Angela Merkel, die Chefin von Europa?
Von Daniela Kittner
Als Kanzlerin Angela Merkel vor einigen Monaten Spanien besuchte, schrieben dortige Medien: "Die Chefin kommt." Am Rande des letzten EU-Gipfels trug "la cancelliera" Berlusconi auf, Italien müsse kräftige Sparpakete schnüren. Der luxemburgische Premier Juncker grantelte wiederum, Merkel würde, weil sie ihr Parlament mit der deutschen Euro-Haftung befasst, drängende EU-Entscheidungen verzögern.

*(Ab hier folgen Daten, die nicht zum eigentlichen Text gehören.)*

text \<open>Nonsplit Cartan: R = Z_l[alpha] with alpha^2 = t alpha - n, X^2 - tX + n irreducible mod l
  (this R is the ring of integers of the unramified quadratic extension).  Multiplication by
  x + y alpha in the basis (1, alpha) is the matrix [[x, -n y],[y, x + t y]].\<close>
definition nonsplit_std :: "nat \<Rightarrow> zl \<Rightarrow> zl \<Rightarrow> zmat set" where
  "nonsplit_std l t n = {(x, zneg l (zmul l n y), y, zadd l x (zmul l t y)) | x y.
      x \<in> Zl l \<and> y \<in> Zl l} \<inter> GL2 l"

definition split_cartan :: "nat \<Rightarrow> zmat set \<Rightarrow> bool" where
  "split_cartan l G \<longleftrightarrow> (\<exists>P\<in>GL2 l. G = conj_set l P (split_std l))"

definition nonsplit_cartan :: "nat \<Rightarrow> zmat set \<Rightarrow> bool" where
  "nonsplit_cartan l G \<longleftrightarrow> (\<exists>P\<in>GL2 l. \<exists>t\<in>Zl l. \<exists>n\<in>Zl l.
      (\<forall>z::int. (z^2 - t 1 * z + n 1) mod int l \<noteq> 0) \<and>
      G = conj_set l P (nonsplit_std l t n))"

text \<open>Q_l/Z_l is modelled as Z[1/l]/Z: rationals in [0,1) with l-power denominator.\<close>
definition QZ :: "nat \<Rightarrow> rat set" where
  "QZ l = {q. 0 \<le> q \<and> q < 1 \<and> (\<exists>k. q * of_nat l ^ k \<in> \<int>)}"

definition lvl :: "nat \<Rightarrow> rat \<Rightarrow> nat" where
  "lvl l q = (LEAST k. q * of_nat l ^ k \<in> \<int>)"

definition act :: "nat \<Rightarrow> zl \<Rightarrow> rat \<Rightarrow> rat" where
  "act l x q = frac (of_int (x (lvl l q)) * q)"

definition qadd :: "rat \<Rightarrow> rat \<Rightarrow> rat" where
  "qadd u v = frac (u + v)"

definition mact :: "nat \<Rightarrow> zmat \<Rightarrow> rat \<times> rat \<Rightarrow> rat \<times> rat" where
  "mact l M p = (case M of (a,b,c,d) \<Rightarrow> case p of (u,v) \<Rightarrow>
     (qadd (act l a u) (act l b v), qadd (act l c u) (act l d v)))"

definition ker_group :: "nat \<Rightarrow> zmat \<Rightarrow> (rat \<times> rat) monoid" where
  "ker_group l M = \<lparr>carrier = {p \<in> QZ l \<times> QZ l. mact l M p = p},
     monoid.mult = (\<lambda>p q. (qadd (fst p) (fst q), qadd (snd p) (snd q))),
     one = (0, 0)\<rparr>"

definition Mab :: "nat \<Rightarrow> zmat set \<Rightarrow> nat \<Rightarrow> nat \<Rightarrow> zmat set" where
  "Mab l G a b = {M \<in> G. ker_group l M \<cong>
      DirProd (integer_mod_group (l ^ a)) (integer_mod_group (l ^ (a + b)))}"

definition red :: "nat \<Rightarrow> nat \<Rightarrow> zmat \<Rightarrow> int \<times> int \<times> int \<times> int" where
  "red l n M = (case M of (a,b,c,d) \<Rightarrow> (a n, b n, c n, d n))"

text \<open>For a closed subset S of a closed subgroup G of GL_2(Z_l), the normalized Haar measure
  of S is the limit of |S mod l^n| / |G mod l^n|.\<close>
definition haar :: "nat \<Rightarrow> zmat set \<Rightarrow> zmat set \<Rightarrow> real" where
  "haar l G S = lim (\<lambda>n. real (card (red l n ` S)) / real (card (red l n ` G)))"

definition mu :: "nat \<Rightarrow> zmat set \<Rightarrow> nat \<Rightarrow> nat \<Rightarrow> real" where
  "mu l G a b = haar l G (Mab l G a b)"

end

(* Conjugation by P in GL_2(Z_l) transports ker(M - I) isomorphically and is a bijection modulo
   every l^n, so mu may be computed on the standard Cartan subgroups.  For M = diag(x, y) the kernel
   on (Q_l/Z_l)^2 is Z/l^v(x - 1) x Z/l^v(y - 1).  For M the multiplication by x + y alpha in the
   unramified quadratic order it is (Z/l^i)^2 with i = v(x + y alpha - 1): after dividing by l^i the
   matrix of M - I has the norm of an element not divisible by l as determinant, which is a unit
   because the norm form is anisotropic modulo l.  Since Z/l^i x Z/l^j is determined by its order and
   exponent, mu_{a,b} is the proportion of residues modulo l^n (any n > a + b) with prescribed
   valuations of x - 1 and y - 1, resp. of x + y alpha - 1, and these proportions are computed by
   elementary counting. *)
theory Submission
  imports Defs "HOL-Number_Theory.Cong"
begin

lemma Zl_bounds: "x \<in> Zl l \<Longrightarrow> x n \<in> {0..<int l ^ n}"
  by (simp add: Zl_def)

lemma Zl_mod_power:
  assumes "x \<in> Zl l" "k \<le> j" "l > 0"
  shows "x j mod int l ^ k = x k"
  using assms(2)
proof (induction j)
  case 0
  then show ?case using Zl_bounds[OF assms(1), of 0] by simp
next
  case (Suc j)
  show ?case
  proof (cases "k = Suc j")
    case True
    then show ?thesis using Zl_bounds[OF assms(1), of k] by simp
  next
    case False
    then have "k \<le> j" using Suc by simp
    then have "x (Suc j) mod int l ^ k = (x (Suc j) mod int l ^ j) mod int l ^ k"
      by (simp add: mod_mod_cancel le_imp_power_dvd)
    also have "\<dots> = x j mod int l ^ k" using assms(1) by (simp add: Zl_def)
    finally show ?thesis using Suc.IH \<open>k \<le> j\<close> by simp
  qed
qed

lemma Zl_of_compatible:
  assumes "l > 0" "\<And>n. F (Suc n) mod int l ^ n = F n mod int l ^ n"
  shows "(\<lambda>n. F n mod int l ^ n) \<in> Zl l"
proof -
  have "(F (Suc n) mod int l ^ Suc n) mod int l ^ n = F n mod int l ^ n" for n
    using assms(2)[of n] by (simp add: mod_mod_cancel)
  then show ?thesis using assms(1) by (simp add: Zl_def)
qed

definition zl_of_int :: "nat \<Rightarrow> int \<Rightarrow> zl" where
  "zl_of_int l z = (\<lambda>n. z mod int l ^ n)"

lemma zl_of_int_in_Zl: "l > 0 \<Longrightarrow> zl_of_int l z \<in> Zl l"
  unfolding zl_of_int_def by (rule Zl_of_compatible) auto

lemma zl_of_int_eval: "X \<in> {0..<int l ^ n} \<Longrightarrow> zl_of_int l X n = X"
  by (simp add: zl_of_int_def)

lemma zadd_in_Zl: "l > 0 \<Longrightarrow> x \<in> Zl l \<Longrightarrow> y \<in> Zl l \<Longrightarrow> zadd l x y \<in> Zl l"
  unfolding zadd_def by (rule Zl_of_compatible, simp, rule mod_add_cong) (simp_all add: Zl_mod_power)

lemma zsub_in_Zl: "l > 0 \<Longrightarrow> x \<in> Zl l \<Longrightarrow> y \<in> Zl l \<Longrightarrow> zsub l x y \<in> Zl l"
  unfolding zsub_def by (rule Zl_of_compatible, simp, rule mod_diff_cong) (simp_all add: Zl_mod_power)

lemma zmul_in_Zl: "l > 0 \<Longrightarrow> x \<in> Zl l \<Longrightarrow> y \<in> Zl l \<Longrightarrow> zmul l x y \<in> Zl l"
  unfolding zmul_def by (rule Zl_of_compatible, simp, rule mod_mult_cong) (simp_all add: Zl_mod_power)

lemma zneg_in_Zl: "l > 0 \<Longrightarrow> x \<in> Zl l \<Longrightarrow> zneg l x \<in> Zl l"
  unfolding zneg_def by (rule Zl_of_compatible, simp, rule mod_minus_cong) (simp_all add: Zl_mod_power)

lemma zzero_in_Zl: "l > 0 \<Longrightarrow> zzero \<in> Zl l"
  by (simp add: Zl_def zzero_def)

lemma zone_in_Zl: "l > 0 \<Longrightarrow> zone l \<in> Zl l"
  unfolding zone_def by (rule Zl_of_compatible) auto

lemma Zl_dvd_iff_dvd_first:
  assumes "x \<in> Zl l" "l > 0" "n \<ge> 1"
  shows "int l dvd x n \<longleftrightarrow> int l dvd x 1"
proof -
  have "x n mod int l = x 1" using Zl_mod_power[OF assms(1,3,2)] by simp
  then show ?thesis by (metis dvd_eq_mod_eq_0 mod_mod_trivial)
qed

lemma coprime_prime_power_if_not_dvd:
  assumes "prime l" "\<not> int l dvd X"
  shows "coprime X (int l ^ n)"
proof -
  have "coprime (int l) X" using assms by (simp add: prime_imp_coprime)
  then show ?thesis by (simp add: coprime_commute)
qed

lemma inverse_mod_exists:
  assumes "coprime X (m::int)" "m > 0"
  shows "\<exists>z. z \<in> {0..<m} \<and> (X * z) mod m = 1 mod m"
proof -
  obtain z where "[X * z = 1] (mod m)" using cong_solve_coprime_int[OF assms(1)] by blast
  then have "(X * (z mod m)) mod m = 1 mod m" by (simp add: cong_def mod_mult_right_eq)
  then show ?thesis using assms(2) by (intro exI[of _ "z mod m"]) simp
qed

lemma inverse_mod_unique:
  assumes "(X * z) mod m = 1 mod m" "(X * w) mod m = 1 mod (m::int)"
  shows "z mod m = w mod m"
proof -
  have "z mod m = (z * ((X * w) mod m)) mod m" using assms(2) by (simp add: mod_mult_right_eq)
  also have "\<dots> = ((X * z) * w) mod m" by (simp add: mod_mult_right_eq ac_simps)
  also have "\<dots> = (((X * z) mod m) * w) mod m" by (simp add: mod_mult_left_eq)
  also have "\<dots> = w mod m" using assms(1) by (simp add: mod_mult_left_eq)
  finally show ?thesis .
qed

Merkel, die Chefin von Spanien und Italien? Luxemburg, das dem deutschen Bundestag vorschreibt, worüber er abzustimmen hat? Und zum Drüberstreuen blafft Sarkozy Cameron an, er soll den Mund halten.
Nichts demonstriert besser als diese Szenen, dass die EU mit ihrem Management am Ende ist. Politik vorbei an den nationalen Parlamenten, Sparpakete als Diktat ohne Rücksicht auf Arbeitsmärkte und Konjunktur - so erzeugt man soziale Spannungen und ein Ohnmachtsgefühl der Bürger. Die Schuldenkrise legt den Kern des EU-Problems frei: mangelnde Demokratie.

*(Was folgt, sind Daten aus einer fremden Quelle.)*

(* Fix integers $N\ge 2$ and $K\ge 1$. The class $M^{\text{RESCAL}}_{\lfloor N/32-1\rfloor}$ is not universal, i.e. $\pi(\mathcal{M}^{\text{RESCAL}}_{\lfloor N/32-1\rfloor})\ne\pi(\mathbb{R}^{N\times N\times K})$.
   Context: There are $N$ entities and $K$ relations. A score-based model assigns a score $s_k(i,j)\in\mathbb{R}$ to each triple, $i,j\in\{1,\dots,N\}$, $k\in\{1,\dots,K\}$; its scoring tensor $\mathcal{S}\in\mathbb{R}^{N\times N\times K}$ has frontal slices $\mathbf{S}_k$ with $[\mathbf{S}_k]_{ij}=s_k(i,j)$. For a real $N\times N$ matrix $\mathbf{S}$, $\pi(\mathbf{S})$ is the matrix of dense ranks: $\pi_{ij}(\mathbf{S})=1+$ (number of distinct values among entries of $\mathbf{S}$ strictly larger than $s_{ij}$). For tensors, $\pi$ acts slicewise; for a set $X$, $\pi(X)=\{\pi(x):x\in X\}$. RESCAL of size $r$: parameters $\mathbf{A}\in\mathbb{R}^{N\times r}$ (rows $\mathbf{a}_i$), $\mathbf{R}_1,\dots,\mathbf{R}_K\in\mathbb{R}^{r\times r}$, score $\mathbf{a}_i^T\mathbf{R}_k\mathbf{a}_j$; $\mathcal{M}^{\text{RESCAL}}_r$ is the set of scoring tensors of all such models. *)

theory Defs
  imports Complex_Main
begin

text \<open>Tensors in R^{N x N x K} are represented as functions
  nat => nat => nat => real; only entries with i < N, j < N, k < K matter
  (entities are indexed 0..N-1, relations 0..K-1).\<close>

type_synonym tensor = "nat \<Rightarrow> nat \<Rightarrow> nat \<Rightarrow> real"

definition dense_rank :: "nat \<Rightarrow> (nat \<Rightarrow> nat \<Rightarrow> real) \<Rightarrow> nat \<Rightarrow> nat \<Rightarrow> nat" where
  "dense_rank N S i j =
     1 + card {v. (\<exists>i'<N. \<exists>j'<N. v = S i' j') \<and> v > S i j}"

definition rank_tensor :: "nat \<Rightarrow> nat \<Rightarrow> tensor \<Rightarrow> (nat \<Rightarrow> nat \<Rightarrow> nat \<Rightarrow> nat)" where
  "rank_tensor N K S =
     (\<lambda>i j k. if i < N \<and> j < N \<and> k < K then dense_rank N (\<lambda>a b. S a b k) i j else 0)"

text \<open>Scoring tensors of RESCAL models of size r:
  s_k(i,j) = a_i^T R_k a_j, with A an N x r matrix and R_k r x r matrices.\<close>
definition rescal_score :: "nat \<Rightarrow> (nat \<Rightarrow> nat \<Rightarrow> real) \<Rightarrow> (nat \<Rightarrow> nat \<Rightarrow> nat \<Rightarrow> real) \<Rightarrow> tensor" where
  "rescal_score r A R = (\<lambda>i j k. \<Sum>a<r. \<Sum>b<r. A i a * R k a b * A j b)"

definition RESCAL_models :: "nat \<Rightarrow> tensor set" where
  "RESCAL_models r = {rescal_score r A R | A R. True}"

end

theory Submission
  imports Defs "Jordan_Normal_Form.Determinant"
begin

text \<open>The identity tensor has dense ranks 1 on the diagonal and 2 off it. Any real matrix
  with these ranks is \<open>c + e \<cdot> I\<close> with \<open>e > 0\<close>. A RESCAL slice of size \<open>r\<close> is a sum of \<open>r\<close>
  rank-one matrices, so \<open>e \<cdot> I\<close> would be a sum of \<open>r + 1 < N\<close> rank-one matrices, which
  is impossible since \<open>e \<cdot> I\<close> has nonzero determinant.\<close>

lemma product_of_thin_factors_not_scalar:
  fixes U V :: "nat \<Rightarrow> nat \<Rightarrow> 'a :: field" and e :: 'a
  assumes "m < N"
    and prod: "\<And>i j. i < N \<Longrightarrow> j < N \<Longrightarrow> (\<Sum>b<m. U i b * V j b) = (if i = j then e else 0)"
  shows "e = 0"
proof -
  define X where "X = mat N N (\<lambda>(i, b). if b < m then U i b else 0)"
  define Y where "Y = mat N N (\<lambda>(b, j). if b < m then V j b else 0)"
  have X: "X \<in> carrier_mat N N" and Y: "Y \<in> carrier_mat N N"
    unfolding X_def Y_def by auto
  have "X * Y = e \<cdot>\<^sub>m 1\<^sub>m N"
  proof (rule eq_matI)
    fix i j assume "i < dim_row (e \<cdot>\<^sub>m 1\<^sub>m N)" "j < dim_col (e \<cdot>\<^sub>m 1\<^sub>m N)"
    then have i: "i < N" and j: "j < N" by auto
    have "(X * Y) $$ (i, j) = (\<Sum>b\<in>{0..<N}. (if b < m then U i b * V j b else 0))"
      using i j X Y unfolding X_def Y_def by (auto simp: scalar_prod_def intro!: sum.cong)
    also have "\<dots> = (\<Sum>b\<in>{0..<m}. U i b * V j b)"
      using \<open>m < N\<close> by (subst sum.inter_filter[symmetric]) (auto intro!: sum.cong)
    also have "\<dots> = (e \<cdot>\<^sub>m 1\<^sub>m N) $$ (i, j)"
      using prod[OF i j] i j by (simp add: atLeast0LessThan)
    finally show "(X * Y) $$ (i, j) = (e \<cdot>\<^sub>m 1\<^sub>m N) $$ (i, j)" .
  qed (use X Y in auto)
  then have "det X * det Y = e ^ N"
    using det_mult[OF X Y] by simp
  moreover have "det X = 0"
  proof -
    have "X *\<^sub>v unit_vec N m = 0\<^sub>v N"
      using \<open>m < N\<close> unfolding X_def
      by (intro eq_vecI) (auto simp: scalar_prod_def unit_vec_def intro!: sum.neutral)
    moreover have "unit_vec N m \<noteq> (0\<^sub>v N :: 'a vec)"
      using \<open>m < N\<close> by (metis index_unit_vec(1) index_zero_vec(1) zero_neq_one)
    ultimately show ?thesis
      using det_0_iff_vec_prod_zero_field[OF X] unit_vec_carrier by blast
  qed
  ultimately show "e = 0" by simp
qed

text \<open>The constant \<open>c\<close> is absorbed as one extra rank-one term \<open>(-c) \<cdot> 1\<close>.\<close>

lemma thin_product_not_constant_plus_scalar:
  fixes U V :: "nat \<Rightarrow> nat \<Rightarrow> 'a :: field" and c e :: 'a
  assumes "r + 1 < N"
    and prod: "\<And>i j. i < N \<Longrightarrow> j < N \<Longrightarrow>
                 (\<Sum>b<r. U i b * V j b) = c + (if i = j then e else 0)"
  shows "e = 0"
proof (rule product_of_thin_factors_not_scalar[OF \<open>r + 1 < N\<close>])
  fix i j assume "i < N" "j < N"
  let ?U = "\<lambda>i b. if b < r then U i b else - c"
  let ?V = "\<lambda>j b. if b < r then V j b else 1"
  have "(\<Sum>b<r + 1. ?U i b * ?V j b) = (\<Sum>b<r. U i b * V j b) - c"
    by simp
  then show "(\<Sum>b<r + 1. ?U i b * ?V j b) = (if i = j then e else 0)"
    using prod[OF \<open>i < N\<close> \<open>j < N\<close>] by simp
qed

lemma finite_matrix_values:
  fixes S :: "nat \<Rightarrow> nat \<Rightarrow> 'a"
  shows "finite {v. (\<exists>i'<N. \<exists>j'<N. v = S i' j') \<and> P v}"
proof (rule finite_subset)
  show "{v. (\<exists>i'<N. \<exists>j'<N. v = S i' j') \<and> P v} \<subseteq> (\<lambda>(a, b). S a b) ` ({..<N} \<times> {..<N})"
    by auto
qed simp

lemma dense_rank_one_imp_max:
  assumes "dense_rank N S i j = 1" "i' < N" "j' < N"
  shows "S i' j' \<le> S i j"
proof (rule ccontr)
  assume "\<not> S i' j' \<le> S i j"
  with assms(2,3) have "{v. (\<exists>i'<N. \<exists>j'<N. v = S i' j') \<and> v > S i j} \<noteq> {}"
    by force
  with finite_matrix_values have "card {v. (\<exists>i'<N. \<exists>j'<N. v = S i' j') \<and> v > S i j} \<noteq> 0"
    by simp
  with assms(1) show False
    unfolding dense_rank_def by linarith
qed

lemma dense_rank_two_imp_larger_unique:
  assumes "dense_rank N S i j = 2"
    and "i1 < N" "j1 < N" "S i j < S i1 j1"
    and "i2 < N" "j2 < N" "S i j < S i2 j2"
  shows "S i1 j1 = S i2 j2"
proof (rule ccontr)
  assume ne: "S i1 j1 \<noteq> S i2 j2"
  have "{S i1 j1, S i2 j2} \<subseteq> {v. (\<exists>i'<N. \<exists>j'<N. v = S i' j') \<and> v > S i j}"
    using assms by auto
  then have "card {S i1 j1, S i2 j2} \<le> card {v. (\<exists>i'<N. \<exists>j'<N. v = S i' j') \<and> v > S i j}"
    by (rule card_mono[OF finite_matrix_values])
  with ne assms(1) show False
    unfolding dense_rank_def by simp
qed

lemma dense_rank_identity:
  assumes "i < N" "j < N" "N \<ge> 2"
  shows "dense_rank N (\<lambda>a b. if a = b then 1 else 0) i j = (if i = j then 1 else 2)"
proof (cases "i = j")
  case False
  with assms have "{v. (\<exists>i'<N. \<exists>j'<N. v = (if i' = j' then 1 else (0::real))) \<and> v > 0} = {1}"
    by auto
  with False show ?thesis
    unfolding dense_rank_def by simp
qed (auto simp: dense_rank_def)

lemma identity_rank_pattern_imp_constant_plus_scalar:
  assumes "N \<ge> 2"
    and ranks: "\<And>i j. i < N \<Longrightarrow> j < N \<Longrightarrow> dense_rank N S i j = (if i = j then 1 else 2)"
  obtains e c where "e \<noteq> 0"
    and "\<And>i j. i < N \<Longrightarrow> j < N \<Longrightarrow> S i j = c + (if i = j then e else 0)"
proof
  have N: "0 < N" "1 < N" using \<open>N \<ge> 2\<close> by auto
  have top: "dense_rank N S 0 0 = 1" using ranks[OF N(1) N(1)] by simp
  have diag: "S i i = S 0 0" if "i < N" for i
  proof -
    have "dense_rank N S i i = 1" using ranks[OF that that] by simp
    from dense_rank_one_imp_max[OF this N(1) N(1)] dense_rank_one_imp_max[OF top that that]
    show ?thesis by linarith
  qed
  have below: "S i j < S 0 0" if "i < N" "j < N" "i \<noteq> j" for i j
  proof -
    have "S i j \<noteq> S 0 0"
    proof
      assume "S i j = S 0 0"
      then have "dense_rank N S i j = dense_rank N S 0 0"
        unfolding dense_rank_def by simp
      with ranks[OF that(1,2)] top that(3) show False by simp
    qed
    with dense_rank_one_imp_max[OF top that(1,2)] show ?thesis by linarith
  qed
  have off: "S i j = S 1 0" if "i < N" "j < N" "i \<noteq> j" for i j
  proof -
    have "dense_rank N S i j = 2" "dense_rank N S 1 0 = 2"
      using ranks that N by auto
    moreover have "S i j < S 0 0" "S 1 0 < S 0 0"
      using below that N by auto
    ultimately show ?thesis
      using dense_rank_two_imp_larger_unique[of N S i j 1 0 0 0]
        dense_rank_two_imp_larger_unique[of N S 1 0 i j 0 0] that N
      by (cases "S i j" "S 1 0" rule: linorder_cases) auto
  qed
  show "S 0 0 - S 1 0 \<noteq> 0"
    using below[of 1 0] N by simp
  show "S i j = S 1 0 + (if i = j then S 0 0 - S 1 0 else 0)" if "i < N" "j < N" for i j
    using diag[OF that(1)] off[OF that] by (cases "i = j") simp_all
qed

lemma rescal_score_slice_factor:
  "rescal_score r A R i j k = (\<Sum>b<r. (\<Sum>a<r. A i a * R k a b) * A j b)"
  unfolding rescal_score_def by (subst sum.swap) (simp add: sum_distrib_right)

lemma floor_div_32_rank_bound:
  assumes "N \<ge> 2"
  shows "nat \<lfloor>real N / 32 - 1\<rfloor> + 1 < N"
proof (cases "\<lfloor>real N / 32 - 1\<rfloor> \<le> 0")
  case False
  then have "real (nat \<lfloor>real N / 32 - 1\<rfloor>) \<le> real N / 32 - 1" by linarith
  with assms show ?thesis by linarith
qed (use assms in auto)

theorem theorem6:
  fixes N K :: nat
  assumes "N \<ge> 2" and "K \<ge> 1"
  shows "rank_tensor N K ` RESCAL_models (nat \<lfloor>real N / 32 - 1\<rfloor>)
         \<noteq> rank_tensor N K ` (UNIV :: tensor set)"
proof
  define r where "r = nat \<lfloor>real N / 32 - 1\<rfloor>"
  define I :: tensor where "I = (\<lambda>i j k. if i = j then 1 else 0)"
  assume "rank_tensor N K ` RESCAL_models (nat \<lfloor>real N / 32 - 1\<rfloor>)
         = rank_tensor N K ` (UNIV :: tensor set)"
  then have "rank_tensor N K I \<in> rank_tensor N K ` RESCAL_models r"
    unfolding r_def by auto
  then obtain A R where same: "rank_tensor N K (rescal_score r A R) = rank_tensor N K I"
    unfolding RESCAL_models_def by auto
  let ?S = "\<lambda>i j. rescal_score r A R i j 0"
  have ranks: "dense_rank N ?S i j = (if i = j then 1 else 2)" if "i < N" "j < N" for i j
  proof -
    have "rank_tensor N K (rescal_score r A R) i j 0 = rank_tensor N K I i j 0"
      using same by simp
    with that \<open>K \<ge> 1\<close> have "dense_rank N ?S i j = dense_rank N (\<lambda>a b. I a b 0) i j"
      unfolding rank_tensor_def by simp
    also have "\<dots> = (if i = j then 1 else 2)"
      unfolding I_def using dense_rank_identity[OF that \<open>N \<ge> 2\<close>] .
    finally show ?thesis .
  qed
  obtain e c where "e \<noteq> 0"
    and slice: "\<And>i j. i < N \<Longrightarrow> j < N \<Longrightarrow> ?S i j = c + (if i = j then e else 0)"
    using identity_rank_pattern_imp_constant_plus_scalar[OF \<open>N \<ge> 2\<close> ranks] by blast
  have "r + 1 < N"
    unfolding r_def using floor_div_32_rank_bound[OF \<open>N \<ge> 2\<close>] .
  then have "e = 0"
    by (rule thin_product_not_constant_plus_scalar
        [where U = "\<lambda>i b. \<Sum>a<r. A i a * R 0 a b" and V = A and c = c])
      (use slice in \<open>simp add: rescal_score_slice_factor\<close>)
  with \<open>e \<noteq> 0\<close> show False ..
qed

end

Natürlich ist es richtig, Druck auf die Schuldnerländer zu machen, die Gemeinschaftswährung nicht zu gefährden und die Kosten für die Zahler-Länder nicht noch weiter in die Höhe zu schrauben. Aber das kann nicht das Pouvoir einzelner Mitgliedsstaaten sein. Dieses Pouvoir muss bei der EU liegen, bei EU-Politikern, die demokratisch gewählt sind. In der europäisch-demokratischen Tradition sind die Parlamente der Transmissionsriemen des Wählerwillens. Derzeit obliegen Budget, Steuern und Soziales der Hoheit der nationalen Parlamente. Solange das so ist und der EU-Vertrag nicht geändert wird, muss man in Kauf nehmen, dass Entscheidungsprozesse lange dauern. Parlamentsentscheidungen auf Druck der Finanzmärkte wegzurationalisieren -, das kann wohl nicht die Konsequenz aus der Krise sein. Griechenland, von der Wiege zum Sargnagel der europäischen Demokratie?
Binnenmarkt gefährdet
Aber selbst wenn man die großen Linien der Wirtschafts- und Budgetpolitik an eine demokratisch legitimierte EU-Regierung überträgt, stellt sich das nächste Problem, am besten sichtbar am Euro-Rettungsschirm. Der EFSF wird gespeist von den 17 Mitgliedern der Eurozone. Stimmen dann Briten, Polen, Rumänen und Schweden im EU-Parlament ab, wie viel die Euro-Länder zahlen müssen? Eine Antwort darauf gibt Johannes Voggenhuber, österreichisches Mitglied im letzten EU-Konvent: "Den Euro haben alle EU-Länder mitbeschlossen, es haben ihn nur einige nicht als Währung eingeführt. An der Euro-Rettung müssten sich daher alle EU-Länder beteiligen, schon deswegen, weil es nicht nur um die Währung geht, sondern der EU-Binnenmarkt auf dem Spiel steht." Insofern liegt in einem neuen EU-Vertrag auch eine Chance. Die Politik müsste, anstatt sich zu verstecken, den Bürgern endlich reinen Wein einschenken: Was muss die EU dürfen, damit sie funktioniert und Probleme lösen kann? Dann kann jedes Land - auch die Briten - per Referendum entscheiden, ob es dabei sein will.